Звонари и махальщики сидели на колокольнях Смоленского собора и Митрофановского монастыря. Звонари расправляли веревочные путли малых трезвонных колокольцев и всматривались вдаль – по направлению к Московской заставе. Мальчишки, споря с грачами и галками, облепили деревья.

Наконец утром 7 июля, стоя в коляске, по Большой Московской улице промчался полицмейстер. За ним, один за другим, на тяжелых, ёкающих селезенкой лошадях проскакали три жандарма. У заставы поднялось облачко пыли. На колокольнях грянули с перебоями во все колокола.

В город въехали кареты и коляски великого князя Александра Николаевича и сопровождающих его лиц. В карете, запряженной белой шестерней, с вензелями «А» и золотыми орлами на дверцах сидели царевич Александр и Жуковский. Наследник был утомлен. В этой длинной поездке по России оказалось больше неудобств, чем радости созерцания обширных пространств отечества. Вялый, бледный, начинающий полнеть двадцатилетний царевич с откровенной скукой и безразличием поглядывал из окошка кареты на умытые и прибранные воронежские улицы. По обеим сторонам дороги стояли воронежцы и кричали «ура». Александр нехотя прикладывал два пальца к белой офицерской фуражке.

– Город Воронеж, ваше высочество, – Жуковский, сделал плавный, округлый жест, – представляет собой интерес как один из крупнейших центров хлебной торговли в нашем отечестве…

Александр кивнул.

– В историческом отношении, – продолжал Жуковский, – город Воронеж известен как колыбель славного флота российского…

– Да, да, – рассеянно отозвался Александр.

– Кроме того, ваше высочество, здесь расквартирован сто двадцать восьмой драгунский полк.

– А! Это интересно, – сказал царевич.

– И наконец, – поклонился Жуковский, – здесь живет замечательный певец русский, стихотворец Алексей Кольцов.

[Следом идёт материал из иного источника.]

(* Let $U\in\mathcal{B}(\ell^2(\mathbb{N}))$ be an isometry, $\Omega=\Omega_1\cup\dots\cup\Omega_r$ an $(\mathbf{N},\mathbf{m})$-multilevel Bernoulli sampling scheme with $1\le N_1<\dots<N_r$, $\mathbf{M}=(M_1,\dots,M_r)$ increasing, $\mathbf{s}\in\mathbb{N}^r$, $\Delta=\cup_k\Delta_k$ with $\Delta_k\subseteq\{M_{k-1}+1,\dots,M_k\}$, $|\Delta_k|=s_k$, $s=\sum s_k$, $q_k=m_k/(N_k-N_{k-1})$, $D=\sum_kq_k^{-1}P_{\Omega_k}$, $N=N_r$, $K=\max_k(N_k-N_{k-1})/m_k$, $M=M_r$. Suppose $N$ and $K$ satisfy the weak balancing property with respect to $U$, $M$, $s$. Then for $\xi\in\ell^2(\mathbb{N})$ and $\gamma>0$, $$\mathbb{P}\big(\|(P_\Delta U^*DUP_\Delta-P_\Delta)\xi\|_{\ell^\infty}>\tilde\alpha\|\xi\|_{\ell^\infty}\big)\le\gamma,\qquad\tilde\alpha=\big(2\log_2^{1/2}(4\sqrt sKM)\big)^{-1},$$ provided $1\gtrsim\Lambda\cdot(\log(s\gamma^{-1})+1)\cdot\log(\sqrt sKM)$ and $1\gtrsim\Upsilon\cdot(\log(s\gamma^{-1})+1)\cdot\log(\sqrt sKM)$. Also, $\mathbb{P}\big(\|(P_\Delta U^*DUP_\Delta-P_\Delta)\xi\|_{\ell^\infty}>\frac12\|\xi\|_{\ell^\infty}\big)\le\gamma$ provided $1\gtrsim\Lambda(\log(s\gamma^{-1})+1)$ and $1\gtrsim\Upsilon(\log(s\gamma^{-1})+1)$. Moreover, if $q_k=1$ for all $k$, both probabilities are zero.
   Context: $N_0=M_0=0$. Multilevel Bernoulli scheme: $\Omega_k=\{j\in\{N_{k-1}+1,\dots,N_k\}:\delta_j=1\}$, $\delta_j$ independent with $\mathbb{P}(\delta_j=1)=q_k$. $P^a_b$ projects onto $\mathrm{span}\{e_{a+1},\dots,e_b\}$, $P_\Gamma$ onto $\mathrm{span}\{e_j:j\in\Gamma\}$. $\mu(A)=\sup|a_{ij}|^2$; $\mu_{\mathbf{N},\mathbf{M}}(k,l)=\sqrt{\mu(P^{N_{k-1}}_{N_k}UP^{M_{l-1}}_{M_l})\mu(P^{N_{k-1}}_{N_k}U)}$; $\kappa_{\mathbf{N},\mathbf{M}}(k,l)=\max_{\eta\in\Theta'}\|P^{N_{k-1}}_{N_k}UP^{M_{l-1}}_{M_l}\eta\|_{\ell^\infty}\sqrt{\mu(P^{N_{k-1}}_{N_k}U)}$ with $\Theta'=\{\eta:\|\eta\|_\infty\le1,\ |\mathrm{supp}(P^{M_{l-1}}_{M_l}\eta)|=s_l\ (l<r),\ |\mathrm{supp}(P^\perp_{M_{r-1}}\eta)|=s_r\}$; $S_k=\max_{\eta\in\Theta}\|P^{N_{k-1}}_{N_k}U\eta\|^2$, $\Theta=\{\eta:\|\eta\|_\infty\le1,|\mathrm{supp}(P^{M_{l-1}}_{M_l}\eta)|=s_l,\ l=1..r\}$. $\Lambda=\max_k\frac{N_k-N_{k-1}}{m_k}\sum_{l=1}^r\kappa_{\mathbf{N},\mathbf{M}}(k,l)$; $\Upsilon=\sup\max_l\sum_k(\frac{N_k-N_{k-1}}{m_k}-1)\mu_{\mathbf{N},\mathbf{M}}(k,l)\tilde s_k$ over $\tilde s_k\ge0$ with $\sum\tilde s_k\le s$, $\tilde s_k\le S_k$. Weak balancing property: $\|P_MU^*P_NUP_M-P_M\|_{\ell^\infty\to\ell^\infty}\le\frac18(\log_2^{1/2}(4\sqrt sKM))^{-1}$. $a\gtrsim b$: $a\ge C_0b$ for a suitable universal constant. Throughout $s\ge3$. *)

theory Defs
  imports "HOL-Probability.Probability"
begin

– Кольцов? – наморщил лоб Александр. – Не слышал.

– Я имел честь, – снова поклонился Жуковский, – в прошлом году представлять Кольцова его величеству…

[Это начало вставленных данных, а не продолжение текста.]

(* Assume (C1), (C2), (PQM) and (G). Let $(\overline\Phi,\underline\Phi)$ be a pair of upper and lower solutions of the wave system (W) with $0\le\underline\Phi(t)\le\overline\Phi(t)\le(M_1,M_2,M_3)$ for all $t\in\mathbb R$, let $\Gamma=\{\Phi\in C(\mathbb R,\mathbb R^3):\underline\Phi\le\Phi\le\overline\Phi\}$, and let $0<\mu<\min\{\delta_1,\delta_2,\delta_3\}$. Then: (i) $F(\Gamma)\subset\Gamma$; more precisely, for every $\Phi\in\Gamma$, $\underline\phi\le F_1(\underline\phi,\underline\varphi,\underline\psi)\le F_1(\Phi)\le F_1(\overline\phi,\overline\varphi,\overline\psi)\le\overline\phi$, $\underline\varphi\le F_2(\overline\phi,\underline\varphi,\overline\psi)\le F_2(\Phi)\le F_2(\underline\phi,\overline\varphi,\underline\psi)\le\overline\varphi$, $\underline\psi\le F_3(\underline\phi,\underline\varphi,\underline\psi)\le F_3(\Phi)\le F_3(\overline\phi,\overline\varphi,\overline\psi)\le\overline\psi$; (ii) $F:\Gamma\to B_\mu(\mathbb R,\mathbb R^3)$ is continuous with respect to $|\cdot|_\mu$; (iii) $F:\Gamma\to\Gamma$ is compact, i.e. $F(\Gamma)$ is relatively compact in $(B_\mu(\mathbb R,\mathbb R^3),|\cdot|_\mu)$.
   Context: Fix $\sigma>0$, $c>0$, $D_1,D_2,D_3>0$, real numbers $r_1,r_2,r_3$, and constants $k_i>0$, $M_i\ge k_i$ ($i=1,2,3$). Let $X=C([-\sigma,0],\mathbb R)$ with the sup norm. For $\Phi=(\phi,\varphi,\psi)\in C(\mathbb R,\mathbb R^3)$ and $s\in\mathbb R$ the history segment is $\Phi_s=(\phi_s,\varphi_s,\psi_s)\in X^3$, $\phi_s(\theta)=\phi(s+\theta)$ for $\theta\in[-\sigma,0]$. For a constant $a$, $\hat a$ is the constant function with value $a$. Functions $f_{1c},f_{2c},f_{3c}:X^3\to\mathbb R$ are given. A triple $(\chi_1,\chi_2,\chi_3)\in X^3$ is admissible if $0\le\chi_j\le M_j$ on $[-\sigma,0]$, $j=1,2,3$. Inequalities between functions are pointwise and componentwise. Wave system (W): $D_1\phi''(t)-c\phi'(t+r_1)+f_{1c}(\Phi_{t+r_1})=0$, $D_2\varphi''(t)-c\varphi'(t+r_2)+f_{2c}(\Phi_{t+r_2})=0$, $D_3\psi''(t)-c\psi'(t+r_3)+f_{3c}(\Phi_{t+r_3})=0$, $t\in\mathbb R$. (C1): $f_{ic}(\hat0,\hat0,\hat0)=f_{ic}(\hat k_1,\hat k_2,\hat k_3)=0$, $i=1,2,3$. (C2): there are $L_1,L_2,L_3>0$ with $|f_{ic}(\Phi)-f_{ic}(\Psi)|\le L_i\|\Phi-\Psi\|$ for all admissible $\Phi,\Psi\in X^3$ ($\|\cdot\|$ the max of the sup norms of the components). (PQM): there are $\beta_1,\beta_2,\beta_3>0$ such that for all admissible $(\phi_1,\varphi_1,\psi_1),(\phi_2,\varphi_2,\psi_2)$ with $\phi_2\le\phi_1,\varphi_2\le\varphi_1,\psi_2\le\psi_1$: (P1) $f_{1c}(\phi_1,\varphi_1,\psi_1)-f_{1c}(\phi_2,\varphi_2,\psi_2)+\beta_1[\phi_1(0)-\phi_2(0)]\ge0$; (P2) $f_{2c}(\phi_1,\varphi_1,\psi_1)-f_{2c}(\phi_1,\varphi_2,\psi_1)+\beta_2[\varphi_1(0)-\varphi_2(0)]\ge0$; (P3) $f_{2c}(\phi_1,\varphi_1,\psi_1)\le f_{2c}(\phi_2,\varphi_1,\psi_1)$; (P4) $f_{2c}(\phi_1,\varphi_1,\psi_1)\le f_{2c}(\phi_1,\varphi_1,\psi_2)$; (P5) $f_{3c}(\phi_1,\varphi_1,\psi_1)-f_{3c}(\phi_2,\varphi_2,\psi_2)+\beta_3[\psi_1(0)-\psi_2(0)]\ge0$. $H_i(\Phi)(t)=f_{ic}(\Phi_{t+r_i})+\beta_i\Phi_{(i)}(t+r_i)$ where $\Phi_{(1)}=\phi,\Phi_{(2)}=\varphi,\Phi_{(3)}=\psi$. (G): for each $i$ there is a continuous kernel $G_i:\mathbb R\to[0,\infty)$ with $G_i(\xi)\le K_ie^{-\delta_i|\xi|}$ ($K_i,\delta_i>0$) such that for every bounded continuous $h$, $x=G_i*h$ is the unique bounded solution of $D_ix''(t)-cx'(t+r_i)-\beta_ix(t+r_i)+h(t)=0$. $F_i(\Phi)(t)=\int_{-\infty}^\infty G_i(t-s)H_i(\Phi)(s)ds$, $F=(F_1,F_2,F_3)$. Upper/lower solutions: a pair $\overline\Phi=(\overline\phi,\overline\varphi,\overline\psi)$, $\underline\Phi=(\underline\phi,\underline\varphi,\underline\psi)\in C^2(\mathbb R,\mathbb R^3)$, with all components and their first and second derivatives bounded, such that for all $t$: $D_1\overline\phi''(t)-c\overline\phi'(t+r_1)+f_{1c}(\overline\phi_{t+r_1},\overline\varphi_{t+r_1},\overline\psi_{t+r_1})\le0$, $D_2\overline\varphi''(t)-c\overline\varphi'(t+r_2)+f_{2c}(\underline\phi_{t+r_2},\overline\varphi_{t+r_2},\underline\psi_{t+r_2})\le0$, $D_3\overline\psi''(t)-c\overline\psi'(t+r_3)+f_{3c}(\overline\phi_{t+r_3},\overline\varphi_{t+r_3},\overline\psi_{t+r_3})\le0$, $D_1\underline\phi''(t)-c\underline\phi'(t+r_1)+f_{1c}(\underline\phi_{t+r_1},\underline\varphi_{t+r_1},\underline\psi_{t+r_1})\ge0$, $D_2\underline\varphi''(t)-c\underline\varphi'(t+r_2)+f_{2c}(\overline\phi_{t+r_2},\underline\varphi_{t+r_2},\overline\psi_{t+r_2})\ge0$, $D_3\underline\psi''(t)-c\underline\psi'(t+r_3)+f_{3c}(\underline\phi_{t+r_3},\underline\varphi_{t+r_3},\underline\psi_{t+r_3})\ge0$. $B_\mu(\mathbb R,\mathbb R^3)=\{\Phi\in C(\mathbb R,\mathbb R^3):|\Phi|_\mu<\infty\}$, $|\Phi|_\mu=\sup_{t}e^{-\mu|t|}|\Phi(t)|$. *)

theory Defs
  imports "HOL-Analysis.Analysis"
begin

– А! – Цесаревич выпятил грудь, надул щеки и вдруг неожиданно стал похож на отца.

2

Арест Кареева и ночной разговор с Кашкиным не выходили из головы. Трудно было представить, что веселый, живой Кареев сидит сейчас в темной и тесной камере старого тюремного замка или, ухватясь руками за толстую ржавую решетку крохотного оконца, смотрит в заречную даль. По реке снуют лодки, проплывают плоты, плотовщики вечерами поют печальные протяжные песни… «Слу-ша-ай!» – кричат ночью тюремные часовые. Эх, Саша… Как прав, как тысячу раз прав был ты, давно переставший верить болтовне Кашкина! Время и дела показали, что такое Дмитрий Антоныч, чего стоят его разглагольствования о вольности и правах человека!

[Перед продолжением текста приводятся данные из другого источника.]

(* Let $u\in\mathbb{R}^m$. If there exists $b\in\mathbb{R}^p$ with $\mathcal{P}(b)\neq\emptyset$ such that $\max_{x\in\mathcal{P}(b)} Kg(x,u)\le b$ (the maximum taken componentwise), then $u$ is solvable, and there is $x\in\mathcal{P}(b)$ with $f(x,u)=0$.
   Context: Let $f:\mathbb{R}^n\times\mathbb{R}^m\to\mathbb{R}^n$ be continuous and differentiable, and suppose there are a continuously differentiable map $\psi:\mathbb{R}^n\times\mathbb{R}^m\to\mathbb{R}^q$ and a constant matrix $M\in\mathbb{R}^{n\times q}$ with $f=M\psi$. There is a base point $(x_0,u_0)$ with $f(x_0,u_0)=0$ at which $J_{f,0}=\frac{\partial f}{\partial x}\big|_{(x_0,u_0)}$ is nonsingular. Let $J_{\psi,0}=\frac{\partial \psi}{\partial x}\big|_{(x_0,u_0)}\in\mathbb{R}^{q\times n}$ and $g(x,u)=\psi(x,u)-J_{\psi,0}x$. A fixed matrix $A\in\mathbb{R}^{p\times n}$ is chosen so that for every $b\in\mathbb{R}^p$ the polytope $\mathcal{P}(b)=\{x: Ax\le b\}$ is bounded. Set $K=-AJ_{f,0}^{-1}M\in\mathbb{R}^{p\times q}$. $u$ is solvable if there is $x$ with $f(x,u)=0$. Vector inequalities are componentwise. *)

theory Defs
  imports "HOL-Analysis.Analysis"
begin

definition polytope :: "real^'n^'p \<Rightarrow> real^'p \<Rightarrow> (real^'n) set" where
  "polytope A b = {x. \<forall>i. (A *v x) $ i \<le> b $ i}"

definition solvable :: "(real^'n \<Rightarrow> real^'m \<Rightarrow> real^'n) \<Rightarrow> real^'m \<Rightarrow> bool" where
  "solvable f u \<longleftrightarrow> (\<exists>x. f x u = 0)"

end

theory Submission
  imports Defs
begin

text \<open>Write \<open>f = M \<psi>\<close> and split \<open>\<psi>(x, u) = J\<^sub>\<psi> x + g(x, u)\<close>, where \<open>J\<^sub>\<psi>\<close> is the partial
  Jacobian of \<open>\<psi>\<close> at the base point, so that \<open>J\<^sub>f = M J\<^sub>\<psi>\<close>. Then \<open>f(x, u) = 0\<close> is equivalent
  to the fixed-point equation \<open>x = T x\<close> with \<open>T x = - J\<^sub>f\<^sup>-\<^sup>1 M g(x, u)\<close>. The hypothesis says
  exactly that \<open>A T x \<le> b\<close> on \<open>P(b)\<close>, i.e. that \<open>T\<close> maps the nonempty compact convex
  polytope \<open>P(b)\<close> into itself, so Brouwer's theorem yields the fixed point.\<close>

lemma matrix_vector_mult_uminus_right:
  fixes A :: "'a::ring_1^'n^'m" shows "A *v (- x) = - (A *v x)"
  by (vector matrix_vector_mult_def sum_negf)

lemma matrix_vector_mult_uminus_left:
  fixes A :: "'a::ring_1^'n^'m" shows "(- A) *v x = - (A *v x)"
  by (vector matrix_vector_mult_def sum_negf)

lemma closed_polytope:
  fixes A :: "real^'n^'p" shows "closed (polytope A b)"
proof -
  have "polytope A b = (\<Inter>i. {x. (A *v x) $ i \<le> b $ i})"
    unfolding polytope_def by auto
  moreover have "closed {x. (A *v x) $ i \<le> b $ i}" for i
    by (intro closed_Collect_le continuous_intros
        continuous_on_compose2[OF linear_continuous_on[OF matrix_vector_mul_bounded_linear]]) auto
  ultimately show ?thesis by auto
qed

lemma convex_polytope:
  fixes A :: "real^'n^'p" shows "convex (polytope A b)"
  unfolding convex_def polytope_def
proof clarify
  fix x y :: "real^'n" and s t :: real and i
  assume x: "\<forall>i. (A *v x) $ i \<le> b $ i" and y: "\<forall>i. (A *v y) $ i \<le> b $ i"
    and st: "0 \<le> s" "0 \<le> t" "s + t = 1"
  have "(A *v (s *\<^sub>R x + t *\<^sub>R y)) $ i = s * (A *v x) $ i + t * (A *v y) $ i"
    by (simp add: matrix_vector_right_distrib matrix_vector_mult_scaleR)
  also have "\<dots> \<le> s * b $ i + t * b $ i"
    using st x y by (intro add_mono mult_left_mono) auto
  also have "\<dots> = b $ i"
    using st by (metis distrib_right mult_1)
  finally show "(A *v (s *\<^sub>R x + t *\<^sub>R y)) $ i \<le> b $ i" .
qed

lemma compact_polytope:
  fixes A :: "real^'n^'p" shows "bounded (polytope A b) \<Longrightarrow> compact (polytope A b)"
  using closed_polytope by (simp add: compact_eq_bounded_closed)

lemma matrix_inv_right:
  fixes J :: "real^'n^'n" shows "invertible J \<Longrightarrow> J ** matrix_inv J = mat 1"
  unfolding invertible_def matrix_inv_def by (rule someI_ex[THEN conjunct1])

lemma polytope_has_zero_of_linearization:
  fixes \<Phi> :: "real^'n \<Rightarrow> real^'q" and M :: "real^'q^'n" and Jp :: "real^'n^'q"
    and A :: "real^'n^'p"
  assumes cont: "continuous_on (polytope A b) \<Phi>"
    and inv: "invertible (M ** Jp)"
    and bdd: "bounded (polytope A b)"
    and nonempty: "polytope A b \<noteq> {}"
    and maps_into: "\<forall>i. \<forall>x\<in>polytope A b.
          ((- (A ** matrix_inv (M ** Jp) ** M)) *v (\<Phi> x - Jp *v x)) $ i \<le> b $ i"
  shows "\<exists>x\<in>polytope A b. M *v \<Phi> x = 0"
proof -
  define P where "P = polytope A b"
  define T where "T = (\<lambda>x. - (matrix_inv (M ** Jp) *v (M *v (\<Phi> x - Jp *v x))))"
  have "continuous_on P T"
    unfolding T_def P_def
    by (intro continuous_intros cont
        continuous_on_compose2[OF linear_continuous_on[OF matrix_vector_mul_bounded_linear]]) auto
  moreover have "T \<in> P \<rightarrow> P"
  proof
    fix x assume "x \<in> P"
    moreover have "A *v T x = (- (A ** matrix_inv (M ** Jp) ** M)) *v (\<Phi> x - Jp *v x)"
      unfolding T_def
      by (simp add: matrix_vector_mul_assoc matrix_mul_assoc
          matrix_vector_mult_uminus_right matrix_vector_mult_uminus_left)
    ultimately show "T x \<in> P"
      using maps_into unfolding P_def polytope_def by auto
  qed
  ultimately obtain x where "x \<in> P" and fixed: "T x = x"
    using brouwer[OF compact_polytope convex_polytope] bdd nonempty unfolding P_def by blast
  have "(M ** Jp) *v x = - (M *v (\<Phi> x - Jp *v x))"
    using fixed inv unfolding T_def
    by (metis matrix_inv_right[OF inv] matrix_vector_mul_assoc matrix_vector_mul_lid
        matrix_vector_mult_uminus_right)
  then have "M *v \<Phi> x = 0"
    by (simp add: matrix_vector_mult_diff_distrib matrix_vector_mul_assoc[symmetric])
  with \<open>x \<in> P\<close> show ?thesis unfolding P_def by blast
qed

lemma has_derivative_partial_fst:
  assumes "((\<lambda>z. F (fst z) (snd z)) has_derivative F') (at (x, v))"
  shows "((\<lambda>x. F x v) has_derivative (\<lambda>h. F' (h, 0))) (at x)"
proof -
  have "((\<lambda>x. (x, v)) has_derivative (\<lambda>h. (h, 0))) (at x)"
    by (auto intro!: derivative_eq_intros)
  from has_derivative_compose[OF this assms] show ?thesis
    by (simp add: o_def)
qed

lemma matrix_frechet_derivative_matrix_vector_mult:
  fixes h :: "real^'n \<Rightarrow> real^'q" and M :: "real^'q^'k"
  assumes "(h has_derivative D) (at x)"
  shows "matrix (frechet_derivative (\<lambda>y. M *v h y) (at x))
           = M ** matrix (frechet_derivative h (at x))"
proof -
  have "((\<lambda>y. M *v h y) has_derivative (\<lambda>y. M *v D y)) (at x)"
    using bounded_linear.has_derivative[OF matrix_vector_mul_bounded_linear assms] .
  then have "matrix (frechet_derivative (\<lambda>y. M *v h y) (at x)) = matrix ((*v) M \<circ> D)"
    by (simp add: frechet_derivative_at[symmetric] o_def)
  also have "\<dots> = M ** matrix D"
    using has_derivative_linear[OF assms] by (simp add: matrix_compose matrix_vector_mul_linear)
  finally show ?thesis
    using frechet_derivative_at[OF assms] by simp
qed

theorem lemma4:
  fixes f :: "real^'n \<Rightarrow> real^'m \<Rightarrow> real^'n"
    and \<psi> :: "real^'n \<Rightarrow> real^'m \<Rightarrow> real^'q"
    and \<psi>' :: "((real^'n) \<times> (real^'m)) \<Rightarrow> (((real^'n) \<times> (real^'m)) \<Rightarrow>\<^sub>L (real^'q))"
    and M :: "real^'q^'n"
    and A :: "real^'n^'p"
    and x0 :: "real^'n" and u0 :: "real^'m" and u :: "real^'m" and b :: "real^'p"
  assumes f_cont: "continuous_on UNIV (\<lambda>z. f (fst z) (snd z))"
    and f_diff: "\<forall>z. (\<lambda>z. f (fst z) (snd z)) differentiable (at z)"
    and psi_deriv: "\<forall>z. ((\<lambda>z. \<psi> (fst z) (snd z)) has_derivative blinfun_apply (\<psi>' z)) (at z)"
    and psi_C1: "continuous_on UNIV \<psi>'"
    and f_eq: "\<forall>x v. f x v = M *v \<psi> x v"
    and base: "f x0 u0 = 0"
    and Jf_inv: "invertible (matrix (frechet_derivative (\<lambda>x. f x u0) (at x0)))"
    and A_bounded: "\<forall>c. bounded (polytope A c)"
    and P_nonempty: "polytope A b \<noteq> {}"
    and hyp: "\<forall>i. \<forall>x\<in>polytope A b.
         ((- (A ** matrix_inv (matrix (frechet_derivative (\<lambda>x. f x u0) (at x0))) ** M))
            *v (\<psi> x u - matrix (frechet_derivative (\<lambda>x. \<psi> x u0) (at x0)) *v x)) $ i \<le> b $ i"
  shows "solvable f u \<and> (\<exists>x\<in>polytope A b. f x u = 0)"
proof -
  have psi_partial: "((\<lambda>x. \<psi> x v) has_derivative (\<lambda>h. \<psi>' (x, v) (h, 0))) (at x)" for x v
    using has_derivative_partial_fst psi_deriv by blast
  have Jf: "matrix (frechet_derivative (\<lambda>x. f x u0) (at x0))
              = M ** matrix (frechet_derivative (\<lambda>x. \<psi> x u0) (at x0))"
    using matrix_frechet_derivative_matrix_vector_mult[OF psi_partial] f_eq by simp
  have "continuous_on (polytope A b) (\<lambda>x. \<psi> x u)"
    using psi_partial
    by (meson differentiable_def differentiable_at_imp_differentiable_on
        differentiable_imp_continuous_on)
  then obtain x where "x \<in> polytope A b" "M *v \<psi> x u = 0"
    using polytope_has_zero_of_linearization[of A b "\<lambda>x. \<psi> x u"] Jf_inv A_bounded P_nonempty hyp
    unfolding Jf by blast
  then show ?thesis
    using f_eq unfolding solvable_def by auto
qed

end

Алексей вспомнил, как пятнадцатилетним мальчиком впервые робко зашел в лавку Кашкина, как, замирая от восторга, перелистывал новенькие, еще пахнущие типографской краской книги Пушкина, Жуковского… С какой отеческой теплотой приласкал его Дмитрий Антоныч…

Когда же это было?

Долгие зимние вечера, когда при ровном, ясном свете дорогих стеариновых свечей сиживали они – Кольцов, Кареев, Сребрянский – в уютном, чистеньком кабинете Кашкина; когда, точно кровавое пламя, полные гнева, вспыхивали Сашины речи; когда Сребрянский зло и едко высмеивал семинарских профессоров, осуждал семинарские порядки.

Когда, наконец, и сам он, Кольцов, больше всех их знавший о жизни крестьянского народа, с болью и горечью рассказывал о каторжной доле замордованного русского мужика, о том, как даже в горе и непосильной работе, но непокоренный духом, велик он, мужик этот русский!